The court’s first directive to the Delhi government and agencies like the MCD, NDMC, DDA, DMRC, DIAL, PWD and CPWD, was to make “all possible” effort to register the maximum number of workers so that they were not deprived of statutory benefits. In its second point, the bench held that providing identity cards was essential as this was also the way to avoid future unwarranted litigation. 

“Passbooks (a booklet for registered workers carrying benefits like loans, insurance and medical cover, among others) should also be given to all workers and the concerned labour department should monitor this. They must ensure that people working in this weather have food, clothing and shelter and live with dignity,” the bench said. 

For the first time since the petition was taken up in January, the court asked the state government to draft an education scheme for workers’ children, noting that illiteracy was the root of problems relating to their welfare. The fourth directive regarding education for workers’ children came as the court took into account the widespread illiteracy among workers. 

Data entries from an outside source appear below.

fun lucas :: "nat \<Rightarrow> int" where
  "lucas 0 = 2"
| "lucas (Suc 0) = 1"
| "lucas (Suc (Suc k)) = lucas (Suc k) + lucas k"

end

theory Submission
  imports Defs "HOL-Number_Theory.Cong"
begin

text \<open>Record whether each rim edge is in T and which spokes at each rim vertex are in T.
  Cutting the rim at the missing rim edges splits it into arcs, and T is a spanning tree
  exactly when at least one rim edge is missing and every arc carries exactly one spoke of T.
  Reading the rim once around, this condition is checked by an automaton whose state (0 or 1)
  is the number of spokes met so far in the current arc; the spanning trees correspond to the
  closed runs of length n, apart from the complete rim without spokes, which is closed from
  both states. With the transfer matrix A = [[a + 1, a], [1, 1]] their number is
  tr (A^n) - 2, and since tr A = a + 2 and det A = 1 the traces t_n satisfy
  t_(n+2) = (a + 2) t_(n+1) - t_n, the recurrence that gives t_(n+1) - 2 = a W_n(a);
  for a = 1 this is the recurrence L_(2n+4) = 3 L_(2n+2) - L_(2n).\<close>

section \<open>Separation in multigraphs\<close>

definition closed_under_edges :: "('e \<Rightarrow> 'v set) \<Rightarrow> 'e set \<Rightarrow> 'v set \<Rightarrow> bool" where
  "closed_under_edges ends F X \<longleftrightarrow> (\<forall>e\<in>F. ends e \<subseteq> X \<or> ends e \<inter> X = {})"

lemma reachable_sym:
  assumes "(u, v) \<in> (adj_rel ends F)\<^sup>*"
  shows "(v, u) \<in> (adj_rel ends F)\<^sup>*"
proof -
  have "sym (adj_rel ends F)"
    unfolding adj_rel_def sym_def by (auto simp: insert_commute)
  from symD[OF sym_rtrancl[OF this] assms] show ?thesis .
qed

lemma edge_reachable: "e \<in> F \<Longrightarrow> ends e = {u, v} \<Longrightarrow> (u, v) \<in> (adj_rel ends F)\<^sup>*"
  unfolding adj_rel_def by blast

lemma reachable_closed:
  assumes "closed_under_edges ends F X" "(u, v) \<in> (adj_rel ends F)\<^sup>*" "u \<in> X"
  shows "v \<in> X"
  using assms(2,3)
proof (induction rule: rtrancl_induct)
  case (step w v)
  then obtain e where "e \<in> F" "ends e = {w, v}" unfolding adj_rel_def by blast
  then show ?case using assms(1) step.IH[OF step.prems] unfolding closed_under_edges_def by blast
qed

lemma not_reachable_if_separated:
  assumes "closed_under_edges ends F X" "p \<in> X" "q \<notin> X" "{u, v} = {p, q}"
  shows "(u, v) \<notin> (adj_rel ends F)\<^sup>*"
proof
  assume uv: "(u, v) \<in> (adj_rel ends F)\<^sup>*"
  from assms(4) consider "u = p" "v = q" | "u = q" "v = p" by (auto simp: doubleton_eq_iff)
  then show False
    using reachable_closed[OF assms(1)] reachable_sym[OF uv] uv assms(2,3) by cases metis+
qed

section \<open>Arcs of a cyclic sequence of links\<close>

locale cut_cycle =
  fixes n :: nat and link :: "nat \<Rightarrow> bool"
  assumes cut_exists: "\<exists>m<n. \<not> link m"
begin

definition cut_dist :: "nat \<Rightarrow> nat" where
  "cut_dist j = (LEAST k. \<not> link ((j + k) mod n))"

definition next_cut :: "nat \<Rightarrow> nat" where
  "next_cut j = (j + cut_dist j) mod n"

definition arc :: "nat \<Rightarrow> nat set" where
  "arc j = {l. l < n \<and> next_cut l = next_cut j}"

lemma n_pos: "0 < n"
  using cut_exists by auto

lemma cut_ahead: "\<exists>k<n. \<not> link ((j + k) mod n)"
proof -
  obtain m where m: "m < n" "\<not> link m" using cut_exists by blast
  have "j + (n - j mod n + m) = j div n * n + n + m"
    using mod_less_divisor[OF n_pos, of j] div_mult_mod_eq[of j n] by arith
  also have "\<dots> = m + (j div n + 1) * n"
    by (simp add: algebra_simps)
  finally have "(j + (n - j mod n + m) mod n) mod n = (m + (j div n + 1) * n) mod n"
    by (simp only: mod_add_right_eq)
  also have "\<dots> = m"
    using m(1) by (simp only: mod_mult_self1 mod_less)
  finally show ?thesis
    using m(2) n_pos by (intro exI[of _ "(n - j mod n + m) mod n"]) simp
qed

lemma cut_dist_less: "cut_dist j < n"
proof -
  obtain k where "k < n" "\<not> link ((j + k) mod n)" using cut_ahead by blast
  then show ?thesis unfolding cut_dist_def by (meson Least_le le_less_trans)
qed

lemma not_link_next_cut: "\<not> link (next_cut j)"
proof -
  have "\<exists>k. \<not> link ((j + k) mod n)" using cut_ahead by blast
  then show ?thesis unfolding next_cut_def cut_dist_def by (rule LeastI_ex)
qed

lemma link_before_cut: "k < cut_dist j \<Longrightarrow> link ((j + k) mod n)"
  unfolding cut_dist_def using not_less_Least by blast

lemma next_cut_less: "next_cut j < n"
  unfolding next_cut_def using n_pos by simp

lemma cut_dist_not_link: "j < n \<Longrightarrow> \<not> link j \<Longrightarrow> cut_dist j = 0"
  unfolding cut_dist_def by (simp add: Least_eq_0)

lemma next_cut_not_link: "j < n \<Longrightarrow> \<not> link j \<Longrightarrow> next_cut j = j"
  unfolding next_cut_def by (simp add: cut_dist_not_link)

lemma cut_dist_link:
  assumes "j < n" "link j"
  shows "cut_dist j = Suc (cut_dist ((j + 1) mod n))"
  unfolding cut_dist_def
proof (rule Least_Suc2)
  show "\<not> link ((j + cut_dist j) mod n)" "\<not> link (((j + 1) mod n + cut_dist ((j + 1) mod n)) mod n)"
    using not_link_next_cut unfolding next_cut_def by blast+
  show "\<not> \<not> link ((j + 0) mod n)" using assms by simp
  show "\<forall>k. (\<not> link ((j + Suc k) mod n)) = (\<not> link (((j + 1) mod n + k) mod n))"
    by (simp add: mod_add_left_eq)
qed

lemma next_cut_link: "j < n \<Longrightarrow> link j \<Longrightarrow> next_cut j = next_cut ((j + 1) mod n)"
  unfolding next_cut_def by (simp add: cut_dist_link mod_add_left_eq)

lemma next_cut_next_cut: "next_cut (next_cut j) = next_cut j"
  using next_cut_not_link[OF next_cut_less not_link_next_cut] .

lemma arc_link: "l < n \<Longrightarrow> link l \<Longrightarrow> l \<in> arc j \<longleftrightarrow> (l + 1) mod n \<in> arc j"
  unfolding arc_def using n_pos by (simp add: next_cut_link)

lemma inj_on_cut_dist: "inj_on cut_dist (arc j)"
proof (rule inj_onI)
  fix l l' assume "l \<in> arc j" "l' \<in> arc j" "cut_dist l = cut_dist l'"
  then have "[l + cut_dist l = l' + cut_dist l] (mod n)" and "l < n" "l' < n"
    unfolding arc_def next_cut_def cong_def by auto
  then show "l = l'" unfolding cong_add_rcancel_nat by (simp add: cong_def)
qed

lemma along_arc:
  "j < n \<Longrightarrow> k \<le> cut_dist j \<Longrightarrow>
     next_cut ((j + k) mod n) = next_cut j \<and> cut_dist ((j + k) mod n) = cut_dist j - k"
proof (induction k)
  case (Suc k)
  let ?l = "(j + k) mod n"
  have "?l < n" "link ?l" using Suc.prems n_pos link_before_cut by auto
  moreover have "(?l + 1) mod n = (j + Suc k) mod n" by (simp add: mod_Suc_eq)
  moreover have "next_cut ?l = next_cut j" "cut_dist ?l = cut_dist j - k"
    using Suc by simp_all
  ultimately show ?case
    using cut_dist_link[of ?l] next_cut_link[of ?l] by simp
qed simp

text \<open>The successor of a missing link starts its arc.\<close>
lemma cut_dist_le_after_cut:
  assumes "l < n" "\<not> link l" "j \<in> arc ((l + 1) mod n)"
  shows "cut_dist j \<le> cut_dist ((l + 1) mod n)"
proof (rule ccontr)
  let ?s = "(l + 1) mod n"
  assume "\<not> ?thesis"
  then obtain k where k: "cut_dist j = Suc (cut_dist ?s + k)"
    using less_imp_Suc_add by fastforce
  have j: "j < n" using assms(3) unfolding arc_def by simp
  have "(j + Suc k) mod n \<in> arc ?s" "cut_dist ((j + Suc k) mod n) = cut_dist ?s"
    using along_arc[OF j, of "Suc k"] assms(3) k n_pos unfolding arc_def by auto
  moreover have "?s \<in> arc ?s" unfolding arc_def using n_pos by simp
  ultimately have "(j + Suc k) mod n = ?s"
    using inj_on_cut_dist by (blast dest: inj_onD)
  then have "(j + k) mod n = l mod n"
    using cong_add_rcancel_nat[of "j + k" 1 l n] by (simp add: cong_def)
  moreover have "link ((j + k) mod n)" using link_before_cut k by simp
  ultimately show False using assms(1,2) by simp
qed

definition arc_prefix :: "nat \<Rightarrow> nat set" where
  "arc_prefix i = {l \<in> arc i. cut_dist i \<le> cut_dist l}"

lemma arc_prefix_link:
  assumes "l < n" "link l" "l \<noteq> i" "i < n"
  shows "l \<in> arc_prefix i \<longleftrightarrow> (l + 1) mod n \<in> arc_prefix i"
proof (cases "l \<in> arc i")
  case True
  have "i \<in> arc i" using assms(4) unfolding arc_def by simp
  then have "cut_dist l \<noteq> cut_dist i"
    using inj_onD[OF inj_on_cut_dist _ True] assms(3) by blast
  then show ?thesis
    using True arc_link[OF assms(1,2)] cut_dist_link[OF assms(1,2)] unfolding arc_prefix_def by auto
next
  case False
  then show ?thesis using arc_link[OF assms(1,2)] unfolding arc_prefix_def by auto
qed

lemma arc_prefix_last:
  assumes "i < n" "link i"
  shows "i \<in> arc_prefix i" "(i + 1) mod n \<in> arc i - arc_prefix i"
  using assms arc_link[OF assms] cut_dist_link[OF assms] unfolding arc_prefix_def arc_def by auto

end

section \<open>Closed runs of the arc automaton\<close>

fun step :: "nat \<Rightarrow> bool \<times> 'a set \<Rightarrow> nat option" where
  "step \<sigma> (linked, S) =
     (if \<sigma> + card S \<le> 1 \<and> (linked \<or> \<sigma> + card S = 1)
      then Some (if linked then \<sigma> + card S else 0) else None)"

The fifth directive asked the authorities to ensure medical facilities along with benefits relating to maternity, death, accident, and insurance, after guidelines were framed. The court directed the Delhi government and other agencies to file a compliance report by July 7. 

The 2010 Commonwealth Games are scheduled to be held later this year between October 3 and 14. This will be the largest multi-sport event conducted to date in Delhi and India, which hosted the Asian Games in 1951 and 1982.